I gave an explicit example where a single inference is lower latency with pipelining here versus without.

Hm. I think I understand where you seem to be misunderstanding. Let me try to explain a little more.

> latency (which to my knowledge is defined on a per-request basis)

The key here is that one “request” is composed of multiple requests.

From the end user point of view, a single “request” means “a single full end-to-end inference”. And the latency they care about is issuing the input data to getting the inference result out.

But from the internal point of view, that single full end-to-end inference has multiple requests (essentially, “load weights for layer 0; run calculation on inputs and layer 0 weights to get layer 1 input; load weights for layer 1; run calculation on layer 0 output and layer 1 weights to get layer 2 input; etc, etc”).

And you can reduce the latency of that one external request (the inference) by piplining multiple internal subrequests. You are absolutely correct in that the latency of each of the subrequests is not reduced—but the latency of the external request absolutely is reduced compared to if you didn’t pipeline! (At least assuming the internal subrequests can be pipelined—which they can be in this case as I’ve repeatedly noted.)

TLW 5 Nov 2021 4:27 UTC
2 points
in reply to: Gerald Monroe’s comment on: Postmodern Warfare
> In summary, it’s fine to have some of the “commanders” miss entire frames as “commanders” are stateless.

Having a single commander miss an update? Sure. That’s not really the problem. The problem is cases like “half of the commanders got update A and half didn’t, which then results in a two-way split of the commanders, which then results in agents splitting into two halves semi-randomly based on which way the majority fell of the subset of commanders that they can see”. You really should look up testing of distributed databases, because these sort of split-brain scenarios are analogous there.

You’re also currently falling afoul of the CAP theorem I believe ( https://en.wikipedia.org/wiki/CAP_theorem ). Note that “commanders receiving the same set of observations_this_frame” is equivalent to a distributed database with all observers adding observations and all commanders seeing a consistent view of this database...

> Resynchronizing when entire subnets get cut off for multiple frames and then reconnected is tricky, but straightforward

Again, you really should look up testing of distributed databases. One particularly interesting scenario is asymmetric failures. That is, A can send to B but not vice versa.

> This is how SpaceX does it right now.

Yep. Consensus among multiple redundant computations is also how the space shuttle operated (although the details are somewhat different for the space shuttle of course).

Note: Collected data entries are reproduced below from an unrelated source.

(* (i) A diagonal matrix $D=\mathrm{diag}(z_1,z_2,z_3,z_4)\in U(4)$ can be written as $D=D_1\otimes D_2$ with $D_1,D_2$ diagonal elements of $U(2)$ if and only if $z_1z_2^{-1}z_3^{-1}z_4=1$. (ii) Every $4\times 4$ unitary matrix that is diagonal in the computational basis can be implemented, up to a global phase, by a circuit of at most five elementary gates.
   Context: The computational basis of $\mathbb{C}^2\otimes\mathbb{C}^2$ is $|00\rangle,|01\rangle,|10\rangle,|11\rangle$ in this order, and $\otimes$ is the Kronecker product. The elementary gates are the $4\times 4$ matrices of the following forms: $R_y(\theta)\otimes \mathbf{1}$ or $\mathbf{1}\otimes R_y(\theta)$, where $R_y(\theta)=\begin{pmatrix}\cos\theta/2 & \sin\theta/2\\ -\sin\theta/2 & \cos\theta/2\end{pmatrix}$; $R_z(\alpha)\otimes\mathbf{1}$ or $\mathbf{1}\otimes R_z(\alpha)$, where $R_z(\alpha)=\mathrm{diag}(e^{-i\alpha/2},e^{i\alpha/2})$ ($\theta,\alpha$ real); and the two CNOT gates, namely the permutation matrix swapping $|10\rangle\leftrightarrow|11\rangle$ and the permutation matrix swapping $|01\rangle\leftrightarrow|11\rangle$. A circuit computes the product of its gate matrices; implementing $U$ up to global phase means the product equals $cU$ for some $|c|=1$. *)

theory Defs
  imports Complex_Main "Jordan_Normal_Form.Matrix"
begin

definition adj :: "complex mat \<Rightarrow> complex mat" where
  "adj A = mat (dim_col A) (dim_row A) (\<lambda>(i,j). cnj (A $$ (j,i)))"

definition unitary_mat :: "nat \<Rightarrow> complex mat \<Rightarrow> bool" where
  "unitary_mat n A \<longleftrightarrow> A \<in> carrier_mat n n \<and> A * adj A = 1\<^sub>m n"

definition kron :: "complex mat \<Rightarrow> complex mat \<Rightarrow> complex mat" where
  "kron A B = mat (dim_row A * dim_row B) (dim_col A * dim_col B)
     (\<lambda>(i,j). A $$ (i div dim_row B, j div dim_col B) * B $$ (i mod dim_row B, j mod dim_col B))"

definition diag_of :: "nat \<Rightarrow> (nat \<Rightarrow> complex) \<Rightarrow> complex mat" where
  "diag_of n z = mat n n (\<lambda>(i,j). if i = j then z i else 0)"

definition Ry :: "real \<Rightarrow> complex mat" where
  "Ry \<theta> = mat_of_rows_list 2
     [[complex_of_real (cos (\<theta>/2)), complex_of_real (sin (\<theta>/2))],
      [complex_of_real (- sin (\<theta>/2)), complex_of_real (cos (\<theta>/2))]]"

definition Rz :: "real \<Rightarrow> complex mat" where
  "Rz \<alpha> = diag_of 2 (\<lambda>i. if i = 0 then cis (- \<alpha>/2) else cis (\<alpha>/2))"

(* basis order |00>,|01>,|10>,|11> = indices 0,1,2,3 *)
definition perm4 :: "(nat \<Rightarrow> nat) \<Rightarrow> complex mat" where
  "perm4 p = mat 4 4 (\<lambda>(i,j). if i = p j then 1 else 0)"

definition CNOT1 :: "complex mat" where   (* swaps |10> <-> |11> *)
  "CNOT1 = perm4 (Transposition.transpose 2 3)"

definition CNOT2 :: "complex mat" where   (* swaps |01> <-> |11> *)
  "CNOT2 = perm4 (Transposition.transpose 1 3)"

definition elementary_gates :: "complex mat set" where
  "elementary_gates =
     {kron (Ry \<theta>) (1\<^sub>m 2) | \<theta>. True} \<union> {kron (1\<^sub>m 2) (Ry \<theta>) | \<theta>. True} \<union>
     {kron (Rz \<alpha>) (1\<^sub>m 2) | \<alpha>. True} \<union> {kron (1\<^sub>m 2) (Rz \<alpha>) | \<alpha>. True} \<union>
     {CNOT1, CNOT2}"

definition circuit_mat :: "complex mat list \<Rightarrow> complex mat" where
  "circuit_mat gs = foldr (\<lambda>g M. g * M) gs (1\<^sub>m 4)"

definition implements_up_to_phase :: "complex mat list \<Rightarrow> complex mat \<Rightarrow> bool" where
  "implements_up_to_phase gs U \<longleftrightarrow> (\<exists>c. cmod c = 1 \<and> circuit_mat gs = c \<cdot>\<^sub>m U)"

end

theory Submission
  imports Defs "HOL-Combinatorics.Permutations"
begin

(*
  A Kronecker product of diagonal 2x2 matrices has diagonal (a0 b0, a0 b1, a1 b0, a1 b1),
  whence the criterion z0 z3 = z1 z2 for a diagonal matrix to factor.

  Up to a global phase, a diagonal unitary diag(e^(i p0), ..., e^(i p3)) is a product of
  exponentials of Z(x)I, I(x)Z and Z(x)Z, because the sign vectors of I(x)I, Z(x)I, I(x)Z, Z(x)Z
  are an orthogonal basis of R^4. The first two are the gates Rz(a)(x)1 and 1(x)Rz(b), and
  conjugating 1(x)Rz(c) by the CNOT controlled by the first qubit yields the third,
  so five gates suffice.
*)

lemma diag_of_carrier [simp]:
  "dim_row (diag_of n f) = n" "dim_col (diag_of n f) = n" "diag_of n f \<in> carrier_mat n n"
  by (auto simp: diag_of_def)

lemma diag_of_index [simp]:
  "i < n \<Longrightarrow> j < n \<Longrightarrow> diag_of n f $$ (i, j) = (if i = j then f i else 0)"
  by (simp add: diag_of_def)

lemma diag_of_cong: "(\<And>i. i < n \<Longrightarrow> f i = g i) \<Longrightarrow> diag_of n f = diag_of n g"
  by (rule eq_matI) auto

lemma diagonal_mat_diag_of: "diagonal_mat (diag_of n f)"
  by (simp add: diagonal_mat_def)

lemma diagonal_mat_eq_diag_of:
  assumes "A \<in> carrier_mat n n" "diagonal_mat A"
  shows "A = diag_of n (\<lambda>i. A $$ (i, i))"
  using assms by (intro eq_matI) (auto simp: diagonal_mat_def)

lemma one_mat_eq_diag_of: "1\<^sub>m n = diag_of n (\<lambda>_. 1)"
  by (rule eq_matI) auto

lemma smult_diag_of: "c \<cdot>\<^sub>m diag_of n f = diag_of n (\<lambda>i. c * f i)"
  by (rule eq_matI) auto

lemma mult_diag_of: "diag_of n f * diag_of n g = diag_of n (\<lambda>i. f i * g i)"
proof (rule eq_matI)
  fix i j assume "i < dim_row (diag_of n (\<lambda>i. f i * g i))"
    "j < dim_col (diag_of n (\<lambda>i. f i * g i))"
  then have ij: "i < n" "j < n" by auto
  have "(diag_of n f * diag_of n g) $$ (i, j)
      = (\<Sum>k<n. (if i = k then f i else 0) * (if k = j then g k else 0))"
    using ij by (simp add: scalar_prod_def atLeast0LessThan)
  also have "\<dots> = (\<Sum>k<n. if k = i then (if i = j then f i * g i else 0) else 0)"
    by (rule sum.cong) auto
  finally show "(diag_of n f * diag_of n g) $$ (i, j) = diag_of n (\<lambda>i. f i * g i) $$ (i, j)"
    using ij by simp
qed auto

lemma kron_diag_of:
  "kron (diag_of m f) (diag_of n g) = diag_of (m * n) (\<lambda>i. f (i div n) * g (i mod n))"
proof (rule eq_matI)
  fix i j assume "i < dim_row (diag_of (m * n) (\<lambda>i. f (i div n) * g (i mod n)))"
    "j < dim_col (diag_of (m * n) (\<lambda>i. f (i div n) * g (i mod n)))"
  then have ij: "i < m * n" "j < m * n" by auto
  then have "n > 0" by (cases n) auto
  have "i = j \<longleftrightarrow> i div n = j div n \<and> i mod n = j mod n"
    by (metis div_mult_mod_eq)
  with ij \<open>n > 0\<close> show "kron (diag_of m f) (diag_of n g) $$ (i, j)
      = diag_of (m * n) (\<lambda>i. f (i div n) * g (i mod n)) $$ (i, j)"
    by (auto simp: kron_def less_mult_imp_div_less mult.commute)
qed (auto simp: kron_def)

lemma kron_diag_of_2:
  "kron (diag_of 2 f) (diag_of 2 g) = diag_of 4 (\<lambda>i. f (i div 2) * g (i mod 2))"
  using kron_diag_of[of 2 f 2 g] by simp

lemma less_4_cases: "(i :: nat) < 4 \<Longrightarrow> i = 0 \<or> i = 1 \<or> i = 2 \<or> i = 3"
  by auto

It’s not perfect, but it’s a fairly decent approach so long as failures are rare enough that multiple simultaneous failures are rare, and you are not in an adversarial environment.

> “commanders” are stateless.

Commanders cannot be stateless unless either a) they do not retain memories of previously-observed world state or b) they are included in the world data every frame.

The former results in demonstrably suboptimal behavior (there’s a reason why humans have object permanence :-) ), and the latter requires that all agents be able to receive a full commander state in a single frame. (This in turn would result in your commander memory capacity being restricted by communication bandwidth.)

> Please define TPM.

My apologies. Trusted Platform Module. It’s a secure cryptoprocessor standard (and also a term for implementations of said standard, such as the ones on most x86 chips). It’s one of the more common attempts at secure computing, and has been attacked a fair few times as a result. (With more than a few successful attacks of various sorts.)

> Message payloads are fixed length and encrypted with a shared key.

Note that as soon as an attacker learns said shared key you’re now broadcasting all of your sensory information for all agents (as you have to in order to allow commanders to work as described) to the enemy. This is generally considered a Bad Idea (although you seem to disagree with this point, see below).

If you assume that information is not valuable, and that all agents broadcasting their position at all times is never harmful, I can see how this scheme of just broadcasting everything all the time can be useful. I disagree with the premise, however.

> I don’t really see an issue with the enemy gaining some information because ultimately they need to have more vehicles armed with guns or they are going to lose, information does not provide much advantage.

This is incorrect from a game-theoretical point of view. A single example is matching pennies ( https://en.wikipedia.org/wiki/Matching_pennies ). Normally the second person can at most break even on average. However, they can always win if they knew what the first person’s penny is...

(As to how this maps to warfare? You might try playing a few games of Stratego ( https://en.wikipedia.org/wiki/Stratego ). Much of the game is the same sort of “reinforcements are moving to A and B but I don’t know which is the actual reinforcement and which is a feint quite yet” decisions.)

For a slightly more concrete example: I’ll quite happily play you a game of chess where I start without a queen and you have no knowledge of where any of my pieces are. (That is, you try a move, and if it’s legal that’s the move that’s taken. You do get knowledge of which pieces you have captured.)

Starting without a queen is a significant disadvantage in chess, so according to your assertion this should be easy to win for you. (A random online stockfish engine gives +1260 centipawns, and compare e.g. here https://chesscomputer.tumblr.com/post/98632536555/using-the-stockfish-position-evaluation-score-to where even +500 centipawns gives a win % of >90%.)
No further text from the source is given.